November 7, 2012

Leading and Learning Through Dialogue


We remain a nation with divided political interests.  If we are going to successfully navigate the challenges that political leaders of all parties agree on, it is going to require leading and learning through dialogue.  And just as that is true for us as a country, so is more dialogue the appropriate pursuit for any organization looking to resolve seemingly entrenched differences or hoping to innovate and create breakthrough value and change in a complex environment.

In his book, Dialogue: The Art of Thinking Together, author William Isaacs explains why dialogue is indeed the competency more of us, individually and collectively, need to develop:

“You have a dialogue when you explore the uncertainties and questions that no one has answers to. In this way you begin to think together—not simply report out old thoughts. In dialogue people learn to use the energy of their differences to enhance their collective wisdom.”

"No one has answers to"

How refreshing it would be if more leaders (and I would say, political parties) acknowledged a reality that while seemingly vulnerable is also obviously true: they don't have all the answers.  We need leader who focus more on ensuring that problems get solved and opportunities are leveraged rather than those who seem themselves as the solvers and leveragers alone.  We need conveners and catalysts.  We need more leaders who embrace what Meg Wheatley so artfully asserts as their real work: "... the real role of a leader is not to control but to mid-wife-to evoke those qualities of commitment, compassion, generosity and creativity that are in all of us to start with."

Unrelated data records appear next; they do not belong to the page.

lemma v_minor_less_1:
  assumes off: "\<And>i j. i < N \<Longrightarrow> j < N \<Longrightarrow> i \<noteq> j \<Longrightarrow> v (U $$ (i,j)) < 1"
    and S: "S \<in> subsets_of_size N k" and L: "L \<in> subsets_of_size N k" and ne: "S \<noteq> L"
  shows "v (det (submatrix U S L)) < 1"
proof -
  \<comment> \<open>every term of the Leibniz expansion meets a row of \<open>S\<close> outside \<open>L\<close>, hence an off-diagonal entry\<close>
  obtain x where x: "x \<in> S" "x \<notin> L" using subsets_of_size_subset_eq[OF S L] ne by blast
  then obtain a where a: "a < k" "pick S a = x" using pick_surj[OF S] by blast
  show ?thesis unfolding det_submatrix_expand[OF U S L]
  proof (rule v_sum_less)
    fix p assume "p \<in> {p. p permutes {0..<k}}"
    hence p: "p permutes {0..<k}" by simp
    have pa: "p a < k" using permutes_in_image[OF p] a by simp
    have "pick L (p a) \<in> L" using pick_in_set[of "p a" L] pa L by simp
    hence "pick S a \<noteq> pick L (p a)" using a x by auto
    hence "v (U $$ (pick S a, pick L (p a))) < 1"
      using off pick_less[OF S a(1)] pick_less[OF L pa] by blast
    hence "(\<Prod>b = 0..<k. v (U $$ (pick S b, pick L (p b)))) < 1"
      using v_nonneg le1 pick_less[OF S] pick_less[OF L] permutes_in_image[OF p] a
      by (intro prod_less_1[of _ a]) auto
    thus "v (signof p * (\<Prod>b = 0..<k. U $$ (pick S b, pick L (p b)))) < 1"
      by (simp add: v_mult v_prod)
  qed (simp_all add: finite_permutations)
qed

lemma v_principal_minor_near_1:
  assumes off: "\<And>i j. i < N \<Longrightarrow> j < N \<Longrightarrow> i \<noteq> j \<Longrightarrow> v (U $$ (i,j)) < 1"
    and diag: "\<And>i. i < N \<Longrightarrow> v (U $$ (i,i) - 1) < 1"
    and S: "S \<in> subsets_of_size N k"
  shows "v (det (submatrix U S S) - 1) < 1"
proof -
  let ?P = "{p. p permutes {0..<k}}"
  let ?t = "\<lambda>p. signof p * (\<Prod>a = 0..<k. U $$ (pick S a, pick S (p a)))"
  have eq: "det (submatrix U S S) - 1 = (?t id - 1) + sum ?t (?P - {id})"
    unfolding det_submatrix_expand[OF U S S]
    by (subst sum.remove[of _ id]) (auto simp: finite_permutations permutes_id)
  have "v (?t id - 1) < 1"
    using v_prod_near_1[of "{0..<k}" "\<lambda>a. U $$ (pick S a, pick S a)"] diag pick_less[OF S] by simp
  moreover have "v (sum ?t (?P - {id})) < 1"
  proof (rule v_sum_less)
    fix p assume "p \<in> ?P - {id}"
    hence p: "p permutes {0..<k}" "p \<noteq> id" by auto
    then obtain a where a: "p a \<noteq> a" by (metis eq_id_iff)
    have ak: "a < k" and pa: "p a < k" using a p(1) permutes_in_image[OF p(1)] unfolding permutes_def by auto
    have "pick S a \<noteq> pick S (p a)" using pick_inj_iff[OF S ak pa] a by auto
    hence "v (U $$ (pick S a, pick S (p a))) < 1" using off pick_less[OF S ak] pick_less[OF S pa] by simp
    hence "(\<Prod>b = 0..<k. v (U $$ (pick S b, pick S (p b)))) < 1"
      using v_nonneg le1 pick_less[OF S] permutes_in_image[OF p(1)] ak
      by (intro prod_less_1[of _ a]) auto
    thus "v (?t p) < 1" by (simp add: v_mult v_prod)
  qed (simp_all add: finite_permutations)
  ultimately show ?thesis unfolding eq using v_add[of "?t id - 1" "sum ?t (?P - {id})"] by linarith
qed

end

end

lemma unipotent_mod_mD:
  assumes "unipotent_mod_m v n U"
  shows "U \<in> carrier_mat n n" and "\<And>i j. i < n \<Longrightarrow> j < n \<Longrightarrow> v (U $$ (i,j)) \<le> 1"
    and "\<And>i j. i < n \<Longrightarrow> j < n \<Longrightarrow> i \<noteq> j \<Longrightarrow> v (U $$ (i,j)) < 1"
    and "\<And>i. i < n \<Longrightarrow> v (U $$ (i,i) - 1) < 1"
proof -
  have near: "v (U $$ (i,j) - 1\<^sub>m n $$ (i,j)) < 1" if "i < n" "j < n" for i j
    using assms that unfolding unipotent_mod_m_def by blast
  show "U \<in> carrier_mat n n" "\<And>i j. i < n \<Longrightarrow> j < n \<Longrightarrow> v (U $$ (i,j)) \<le> 1"
    using assms unfolding unipotent_mod_m_def by auto
  show "\<And>i j. i < n \<Longrightarrow> j < n \<Longrightarrow> i \<noteq> j \<Longrightarrow> v (U $$ (i,j)) < 1"
    and "\<And>i. i < n \<Longrightarrow> v (U $$ (i,i) - 1) < 1" using near by fastforce+
qed

context nonarch_field
begin

lemma sv_prod_mult_le:
  assumes A: "A \<in> carrier_mat n n" and U: "U \<in> carrier_mat n n" and V: "V \<in> carrier_mat n n"
    and U1: "\<And>i j. i < n \<Longrightarrow> j < n \<Longrightarrow> v (U $$ (i,j)) \<le> 1"
    and V1: "\<And>i j. i < n \<Longrightarrow> j < n \<Longrightarrow> v (V $$ (i,j)) \<le> 1"
    and kn: "k \<le> n"
  shows "sv_prod v k (U * A * V) \<le> sv_prod v k A"
proof -
  let ?M = "sv_prod v k A"
  have M: "0 \<le> ?M" using sv_prod_nonneg[OF A kn kn] .
  show ?thesis
  proof (rule sv_prod_le[of _ n n])
    fix I J assume I: "I \<in> subsets_of_size n k" and J: "J \<in> subsets_of_size n k"
    show "v (det (submatrix (U * A * V) I J)) \<le> ?M"
      unfolding det_submatrix_mult3[OF U A V I J]
    proof (intro v_sum_le finite_subsets_of_size M)
      fix L2 L1 assume L2: "L2 \<in> subsets_of_size n k" and L1: "L1 \<in> subsets_of_size n k"
      have "v (det (submatrix U I L1)) * v (det (submatrix A L1 L2)) \<le> 1 * ?M"
        using v_minor_le_1[OF U U1 I L1] minor_le_sv_prod[OF A L1 L2] v_nonneg
        by (intro mult_mono) auto
      hence "v (det (submatrix U I L1)) * v (det (submatrix A L1 L2)) * v (det (submatrix V L2 J))
          \<le> ?M * 1"
        using v_minor_le_1[OF V V1 L2 J] v_nonneg M by (intro mult_mono) auto
      thus "v (det (submatrix U I L1) * det (submatrix A L1 L2) * det (submatrix V L2 J)) \<le> ?M"
        by (simp add: v_mult)
    qed
  qed (use A U V kn in auto)
qed

lemma v_principal_minor_mult_diff_less:
  assumes A: "A \<in> carrier_mat n n" and U: "unipotent_mod_m v n U" and V: "unipotent_mod_m v n V"
    and pos: "0 < sv_prod v k A" and S: "S \<in> subsets_of_size n k"
  shows "v (det (submatrix (U * A * V) S S) - det (submatrix A S S)) < sv_prod v k A"
proof -
  let ?Ls = "subsets_of_size n k" and ?M = "sv_prod v k A"
  note U' = unipotent_mod_mD[OF U] and V' = unipotent_mod_mD[OF V]
  let ?u = "\<lambda>L. det (submatrix U S L)" and ?w = "\<lambda>L. det (submatrix V L S)"
  let ?t = "\<lambda>(L2, L1). ?u L1 * det (submatrix A L1 L2) * ?w L2"
  have "det (submatrix (U * A * V) S S) = sum ?t (?Ls \<times> ?Ls)"
    by (simp add: det_submatrix_mult3[OF U'(1) A V'(1) S S] sum.cartesian_product)
  also have "\<dots> = ?t (S, S) + sum ?t (?Ls \<times> ?Ls - {(S, S)})"
    using S by (intro sum.remove) (auto simp: finite_subsets_of_size)
  finally have eq: "det (submatrix (U * A * V) S S) - det (submatrix A S S) =
      det (submatrix A S S) * (?u S * ?w S - 1) + sum ?t (?Ls \<times> ?Ls - {(S, S)})"
    by (simp add: algebra_simps)
  have "v (?u S * ?w S - 1) < 1"
    using v_principal_minor_near_1[OF U'(1,2,3,4) S] v_principal_minor_near_1[OF V'(1,2,3,4) S]
    by (rule v_mult_near_1)
  hence "v (det (submatrix A S S)) * v (?u S * ?w S - 1) < ?M"
    using minor_le_sv_prod[OF A S S] pos v_nonneg
    by (metis le_less_trans mult_le_cancel_left1 mult_right_mono not_le)
  moreover have "v (sum ?t (?Ls \<times> ?Ls - {(S, S)})) < ?M"
  proof (rule v_sum_less)
    fix L assume "L \<in> ?Ls \<times> ?Ls - {(S, S)}"
    then obtain L2 L1 where L: "L = (L2, L1)" "L1 \<in> ?Ls" "L2 \<in> ?Ls" "L1 \<noteq> S \<or> L2 \<noteq> S" by auto
    \<comment> \<open>an off-diagonal minor of \<open>U\<close> or of \<open>V\<close> occurs in the term\<close>
    have "v (?u L1) < 1 \<or> v (?w L2) < 1"
      using L v_minor_less_1[OF U'(1,2,3) S L(2)] v_minor_less_1[OF V'(1,2,3) L(3) S] by auto
    hence "v (?u L1) * v (det (submatrix A L1 L2)) * v (?w L2) < ?M"
      using v_nonneg v_minor_le_1[OF U'(1,2) S L(2)] minor_le_sv_prod[OF A L(2,3)]
        v_minor_le_1[OF V'(1,2) L(3) S] pos
      by (intro mult3_less) auto
    thus "v (?t L) < ?M" unfolding L by (simp add: v_mult)
  qed (simp_all add: finite_subsets_of_size pos)
  ultimately show ?thesis unfolding eq by (simp add: v_mult le_less_trans[OF v_add])
qed

text \<open>The nonarchimedean analogue of Weyl's inequality \<open>|\<lambda>\<^sub>1 \<cdots> \<lambda>\<^sub>k| \<le> \<sigma>\<^sub>1 \<cdots> \<sigma>\<^sub>k\<close>,
  valid for the eigenvalues in any order.\<close>

lemma v_prod_eigenvalues_le_sv_prod:
  assumes M: "M \<in> carrier_mat n n" and cp: "char_poly M = (\<Prod>l\<leftarrow>mus. [:-l, 1:])" and kn: "k \<le> n"
  shows "v (\<Prod>j = 0..<k. mus ! j) \<le> sv_prod v k M"
proof -
  obtain T P Q where sim: "similar_mat_wit M T P Q" and ut: "upper_triangular T" and diag: "diag_mat T = mus"
    using triangularizable[OF M cp] by blast
  have T: "T \<in> carrier_mat n n" using similar_mat_witD[OF carrier_matD(1)[OF M, symmetric] sim] by simp
  have "(\<Prod>j = 0..<k. T $$ (j,j)) = (\<Prod>j = 0..<k. mus ! j)"
    using diag[symmetric] T kn by (intro prod.cong) (auto simp: diag_mat_def)
  hence eigen: "(\<Sum>L \<in> subsets_of_size n k. det (submatrix M S L) * det (submatrix P L {0..<k})) =
      (\<Prod>j = 0..<k. mus ! j) * det (submatrix P S {0..<k})" if "S \<in> subsets_of_size n k" for S
    using compound_eigenvector[OF sim M ut kn that] by simp
  show ?thesis
    by (rule v_eigenvalue_le[OF finite_subsets_of_size compound_eigenvector_nonzero[OF sim M kn] eigen
        minor_le_sv_prod[OF M] sv_prod_nonneg[OF M kn kn]])
qed
text \<open>D is a distribution over X \<times> {1..c} that is (k_1,...,k_n)-separable with delta-margin.
  Conditional probability one is rendered as "almost surely, x in the cell implies y = y_i".\<close>
definition separable ::
  "((real ^ ('d::finite)) \<times> nat) measure \<Rightarrow> (real ^ 'd) set \<Rightarrow> nat \<Rightarrow> nat \<Rightarrow> (nat \<Rightarrow> nat) \<Rightarrow> real \<Rightarrow> bool" where
  "separable D X c n k \<delta> \<longleftrightarrow> \<delta> > 0 \<and>
     (\<exists>a b. (\<forall>s\<in>{1..n}. norm (a s) = 1) \<and>
       (\<forall>s\<in>{1..n}. \<forall>j\<in>{1..k s}. b s j < b s (j + 1)) \<and>
       (\<forall>i. multi_index n k i \<longrightarrow>
          (\<exists>yi\<in>{1..c}. AE z in D. fst z \<in> cell X n a b \<delta> i \<longrightarrow> snd z = yi)) \<and>
       (AE z in D. \<exists>i. multi_index n k i \<and> fst z \<in> cell X n a b \<delta> i))"

text \<open>The 4-layer network.  U s = u_s, beta s l, v s l, u s (s = 1..n), gamma t and
  row W t of W (t = 1..K).\<close>
definition net ::
  "nat \<Rightarrow> (nat \<Rightarrow> nat) \<Rightarrow> (nat \<Rightarrow> real ^ ('d::finite)) \<Rightarrow> (nat \<Rightarrow> nat \<Rightarrow> real) \<Rightarrow> (nat \<Rightarrow> nat \<Rightarrow> real)
    \<Rightarrow> (nat \<Rightarrow> real) \<Rightarrow> (nat \<Rightarrow> real) \<Rightarrow> (nat \<Rightarrow> real ^ ('m::finite)) \<Rightarrow> real ^ 'd \<Rightarrow> real ^ 'm" where
  "net n k U \<beta> v u \<gamma> W x =
     (let p = (\<lambda>s. \<Sum>l=1..k s. v s l * sigmoid (U s \<bullet> x - \<beta> s l));
          q = (\<Sum>s=1..n. u s * p s)
      in \<Sum>t=1..(\<Prod>s=1..n. k s). sigmoid (q - \<gamma> t) *\<^sub>R W t)"

end

theory Submission
  imports Defs
begin

text \<open>A steep sigmoid is close to a step function away from its jump, so a sum of steep
  sigmoids with increasing thresholds counts how many thresholds lie below its argument.
  The first layer thus recovers, on each cell, the index i_s of the slab of direction a_s
  containing x.  The second layer combines these indices with mixed-radix weights into
  a number within 1/4 of C + r, where r < K is the position of the multi-index in the
  mixed-radix enumeration of all K cells.  The last layer thresholds this number at the
  half-integers C + t - 3/2 (t = 1..K), producing the indicators of t \<le> r + 1; choosing
  the output rows as successive differences of the targets, these indicators telescope
  to the target of cell r.\<close>

lemma sigmoid_minus: "sigmoid (- t) = 1 - sigmoid t"
proof -
  have "1 + exp (- t) > 0" "1 + exp t > 0" by (smt (verit) exp_gt_zero)+
  moreover have "exp t * exp (- t) = 1" by (simp add: exp_minus_inverse)
  ultimately show ?thesis unfolding sigmoid_def by (simp add: field_simps)
qed

lemma abs_sigmoid_le_inverse:
  assumes "T > 0" "t \<le> - T"
  shows "\<bar>sigmoid t\<bar> \<le> 1 / T"
proof -
  have "1 + exp (- t) \<ge> T" using exp_ge_add_one_self[of "- t"] assms by linarith
  then have "1 / (1 + exp (- t)) \<le> 1 / T" using assms by (intro divide_left_mono) auto
  moreover have "1 + exp (- t) > 0" by (smt (verit) exp_gt_zero)
  ultimately show ?thesis by (simp add: sigmoid_def)
qed

lemma abs_sigmoid_minus_one_le_inverse:
  assumes "T > 0" "T \<le> t"
  shows "\<bar>sigmoid t - 1\<bar> \<le> 1 / T"
  using abs_sigmoid_le_inverse[of T "- t"] assms sigmoid_minus[of t] by auto

lemma sigmoid_staircase_sum:
  fixes w :: "'i \<Rightarrow> 'a::real_normed_vector" and \<theta> :: "'i \<Rightarrow> real"
  assumes "finite A" "M > 0" "\<delta> > 0" and margin: "\<And>l. l \<in> A \<Longrightarrow> \<delta> \<le> \<bar>z - \<theta> l\<bar>"
  shows "norm ((\<Sum>l\<in>A. sigmoid (M * (z - \<theta> l)) *\<^sub>R w l) - (\<Sum>l\<in>{l\<in>A. \<theta> l < z}. w l))
           \<le> (\<Sum>l\<in>A. norm (w l)) / (M * \<delta>)"
proof -
  define step where "step l = (if \<theta> l < z then 1 else 0 :: real)" for l
  have Md: "M * \<delta> > 0" using assms by simp
  have close: "\<bar>sigmoid (M * (z - \<theta> l)) - step l\<bar> \<le> 1 / (M * \<delta>)" if "l \<in> A" for l
  proof (cases "\<theta> l < z")
    case True
    then have "M * \<delta> \<le> M * (z - \<theta> l)"
      using margin[OF that] assms(2) by (intro mult_left_mono) auto
    then show ?thesis using abs_sigmoid_minus_one_le_inverse[OF Md] True by (simp add: step_def)
  next
    case False
    then have "M * \<delta> \<le> M * (\<theta> l - z)"
      using margin[OF that] assms(2) by (intro mult_left_mono) auto
    then have "M * (z - \<theta> l) \<le> - (M * \<delta>)" by (simp add: right_diff_distrib)
    then show ?thesis using abs_sigmoid_le_inverse[OF Md] False by (simp add: step_def)
  qed
  have "(\<Sum>l\<in>{l\<in>A. \<theta> l < z}. w l) = (\<Sum>l\<in>A. step l *\<^sub>R w l)"
    unfolding sum.inter_filter[OF assms(1)] by (rule sum.cong) (simp_all add: step_def)
  then have "norm ((\<Sum>l\<in>A. sigmoid (M * (z - \<theta> l)) *\<^sub>R w l) - (\<Sum>l\<in>{l\<in>A. \<theta> l < z}. w l))
      = norm (\<Sum>l\<in>A. (sigmoid (M * (z - \<theta> l)) - step l) *\<^sub>R w l)"
    by (simp add: scaleR_diff_left sum_subtractf)
  also have "\<dots> \<le> (\<Sum>l\<in>A. 1 / (M * \<delta>) * norm (w l))"
    by (rule order_trans[OF norm_sum sum_mono])
      (simp add: close mult_right_mono del: times_divide_eq_left)
  finally show ?thesis by (simp add: sum_divide_distrib)
qed

lemma increasing_steps_mono:
  fixes b :: "nat \<Rightarrow> real"
  assumes "\<forall>j\<in>{1..k}. b j < b (j + 1)" "1 \<le> l" "l \<le> j" "j \<le> k + 1"
  shows "b l \<le> b j"
  using assms(3,4)
proof (induction j rule: dec_induct)
  case (step j)
  then have "b j < b (j + 1)" using assms(1,2) by auto
  then show ?case using step by simp
qed simp

lemma sigmoid_staircase_count:
  fixes b :: "nat \<Rightarrow> real"
  assumes incr: "\<forall>j\<in>{1..k}. b j < b (j + 1)" and i: "i \<in> {1..k}"
    and y: "b i + \<delta> < y" "y < b (i + 1) - \<delta>" and M: "M > 0" and \<delta>: "\<delta> > 0"
  shows "\<bar>(\<Sum>l=1..k. sigmoid (M * (y - b l))) - real i\<bar> \<le> real k / (M * \<delta>)"
proof -
  have below: "b l \<le> b i" if "l \<in> {1..i}" for l
    using increasing_steps_mono[OF incr, of l i] that i by auto
  have above: "b (i + 1) \<le> b l" if "l \<in> {1..k}" "i < l" for l
    using increasing_steps_mono[OF incr, of "i + 1" l] that by auto
  have "\<delta> \<le> \<bar>y - b l\<bar>" if "l \<in> {1..k}" for l
    using below[of l] above[OF that] y that by (cases "l \<le> i") auto
  moreover have "{l \<in> {1..k}. b l < y} = {1..i}"
  proof (intro equalityI subsetI)
    fix l assume "l \<in> {l \<in> {1..k}. b l < y}"
    then show "l \<in> {1..i}" using above[of l] y \<delta> by (cases "l \<le> i") auto
  next
    fix l assume "l \<in> {1..i}"
    then show "l \<in> {l \<in> {1..k}. b l < y}" using below[of l] y i \<delta> by auto
  qed
  ultimately have "\<bar>(\<Sum>l=1..k. sigmoid (M * (y - b l)) *\<^sub>R 1) - (\<Sum>l=1..i. 1)\<bar>
      \<le> (\<Sum>l=1..k. norm (1 :: real)) / (M * \<delta>)"
    using sigmoid_staircase_sum[of "{1..k}" M \<delta> y b "\<lambda>_. 1 :: real"] M \<delta>
    by (metis (no_types, lifting) finite_atLeastAtMost real_norm_def)
  then show ?thesis by simp
qed

lemma sigmoid_staircase_half_integers:
  fixes w :: "nat \<Rightarrow> 'a::real_normed_vector"
  assumes q: "\<bar>q - (C + real r)\<bar> \<le> 1/4" and "r < K" "L > 0"
  shows "norm ((\<Sum>t=1..K. sigmoid (L * (q - (C + real t - 3/2))) *\<^sub>R w t) - (\<Sum>t=1..Suc r. w t))
           \<le> 4 * (\<Sum>t=1..K. norm (w t)) / L"
proof -
  have q_bounds: "C + real r - 1/4 \<le> q" "q \<le> C + real r + 1/4"
    using q unfolding abs_le_iff by linarith+
  have "1/4 \<le> \<bar>q - (C + real t - 3/2)\<bar>" for t
  proof (cases "t \<le> r + 1")
    case True
    then have "real t \<le> real r + 1" by simp
    then show ?thesis using q_bounds by linarith
  next
    case False
    then have "real r + 2 \<le> real t" by simp
    then show ?thesis using q_bounds by linarith
  qed
  moreover have "{t \<in> {1..K}. C + real t - 3/2 < q} = {1..Suc r}"
  proof (intro equalityI subsetI)
    fix t assume t: "t \<in> {t \<in> {1..K}. C + real t - 3/2 < q}"
    then have "real t < real r + 2" using q_bounds by simp
    then show "t \<in> {1..Suc r}" using t by simp
  next
    fix t assume "t \<in> {1..Suc r}"
    then have "real t \<le> real r + 1" by simp
    then show "t \<in> {t \<in> {1..K}. C + real t - 3/2 < q}"
      using \<open>t \<in> {1..Suc r}\<close> \<open>r < K\<close> q_bounds by auto
  qed
  ultimately show ?thesis
    using sigmoid_staircase_sum[of "{1..K}" L "1/4" q "\<lambda>t. C + real t - 3/2" w] \<open>L > 0\<close>
    by (simp add: field_simps)
qed

definition radix_weight :: "(nat \<Rightarrow> nat) \<Rightarrow> nat \<Rightarrow> nat" where
  "radix_weight k s = (\<Prod>r=1..s. k r)"

definition radix_encode :: "nat \<Rightarrow> (nat \<Rightarrow> nat) \<Rightarrow> (nat \<Rightarrow> nat) \<Rightarrow> nat" where
  "radix_encode n k i = (\<Sum>s=1..n. (i s - 1) * radix_weight k (s - 1))"

definition radix_digit :: "(nat \<Rightarrow> nat) \<Rightarrow> nat \<Rightarrow> nat \<Rightarrow> nat" where
  "radix_digit k s r = r div radix_weight k (s - 1) mod k s + 1"

lemma radix_weight_Suc: "radix_weight k (Suc s) = radix_weight k s * k (Suc s)"
  unfolding radix_weight_def by (simp add: prod.nat_ivl_Suc')

lemma radix_weight_dvd: "s \<le> n \<Longrightarrow> radix_weight k s dvd radix_weight k n"
  unfolding radix_weight_def by (rule prod_dvd_prod_subset) auto

lemma radix_encode_Suc:
  "radix_encode (Suc n) k i = radix_encode n k i + (i (Suc n) - 1) * radix_weight k n"
  unfolding radix_encode_def by simp

lemma multi_index_Suc_iff:
  "multi_index (Suc n) k i \<longleftrightarrow> multi_index n k i \<and> i (Suc n) \<in> {1..k (Suc n)}"
  unfolding multi_index_def by (auto simp: le_Suc_eq)

lemma radix_encode_less: "multi_index n k i \<Longrightarrow> radix_encode n k i < radix_weight k n"
proof (induction n)
  case 0
  then show ?case by (simp add: radix_encode_def radix_weight_def)
next
  case (Suc n)
  then have IH: "radix_encode n k i < radix_weight k n" and i: "i (Suc n) \<in> {1..k (Suc n)}"
    by (simp_all add: multi_index_Suc_iff)
  have "radix_encode (Suc n) k i < radix_weight k n + (i (Suc n) - 1) * radix_weight k n"
    using IH by (simp add: radix_encode_Suc)
  also have "\<dots> = i (Suc n) * radix_weight k n" using i by (cases "i (Suc n)") auto
  also have "\<dots> \<le> radix_weight k (Suc n)" using i by (simp add: radix_weight_Suc)
  finally show ?case .
qed

lemma radix_digit_encode:
  "multi_index n k i \<Longrightarrow> s \<in> {1..n} \<Longrightarrow> radix_digit k s (radix_encode n k i) = i s"
proof (induction n)
  case (Suc n)
  then have mi: "multi_index n k i" and i: "i (Suc n) \<in> {1..k (Suc n)}"
    by (simp_all add: multi_index_Suc_iff)
  show ?case
  proof (cases "s = Suc n")
    case True
    have "radix_encode (Suc n) k i div radix_weight k n = i (Suc n) - 1"
      using radix_encode_less[OF mi] by (simp add: radix_encode_Suc div_add1_eq)
    moreover have "i (Suc n) - 1 < k (Suc n)" using i by auto
    ultimately show ?thesis using True i by (simp add: radix_digit_def)
  next
    case False
    with Suc.prems have s: "s \<in> {1..n}" by auto
    obtain R where R: "radix_weight k n = radix_weight k s * R"
      using radix_weight_dvd[of s n k] s by (auto elim: dvdE)
    define c where "c = (i (Suc n) - 1) * R"
    have "radix_encode (Suc n) k i = radix_encode n k i + (k s * c) * radix_weight k (s - 1)"
      using s radix_weight_Suc[of k "s - 1"] by (simp add: radix_encode_Suc R c_def ac_simps)
    moreover have "radix_weight k (s - 1) > 0"
      using dvd_pos_nat[OF _ radix_weight_dvd[of "s - 1" n k]] radix_encode_less[OF mi] s by auto
    ultimately have "radix_digit k s (radix_encode (Suc n) k i) = radix_digit k s (radix_encode n k i)"
      by (simp add: radix_digit_def)
    then show ?thesis using Suc.IH[OF mi s] by simp
  qed
qed simp

lemma radix_encode_plus_weights:
  assumes "multi_index n k i"
  shows "real (radix_encode n k i) + (\<Sum>s=1..n. real (radix_weight k (s - 1)))
           = (\<Sum>s=1..n. real (radix_weight k (s - 1)) * real (i s))"
  unfolding radix_encode_def of_nat_sum sum.distrib[symmetric]
proof (rule sum.cong)
  fix s assume "s \<in> {1..n}"
  then have "1 \<le> i s" using assms unfolding multi_index_def by auto
  then show "real ((i s - 1) * radix_weight k (s - 1)) + real (radix_weight k (s - 1))
      = real (radix_weight k (s - 1)) * real (i s)"
    by (simp add: of_nat_diff algebra_simps)
qed simp

lemma sum_telescope_from_one:
  "(\<Sum>t=1..Suc r. H t - H (t - 1)) = H (Suc r) - (H 0 :: 'a::ab_group_add)"
  unfolding One_nat_def sum.shift_bounds_cl_Suc_ivl by (simp add: sum_Suc_diff)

"use the energy of their differences to enhance their collective wisdom"

But we cannot bring the best of who we are individually to our work with others if we do not feel we are respected for the wholeness of our being.  It is difficult to do the hard work of dialogue when your colleagues marginalize you for some aspect of your genuine self.  When we require others to check part of their identity at the door each day, we will not realize the power that comes from the energy of our differences.

So any group, any family, any nation will remain divided if its members are incapable or unwilling to engage with those whose worldviews are very different than their own.  But it only takes one person to suspend his or her certainties, to respect the coherence of others' views, to listen for the whole instead of merely advocating for our part, and to voice our own truth.  Those are the four pillars of dialogue as outlined by Isaacs.

I've written before that our belief systems can be bridge-builders. Each of us has the power to embody and invite others to experience the power of dialogue.  Today would be an ideal day to begin.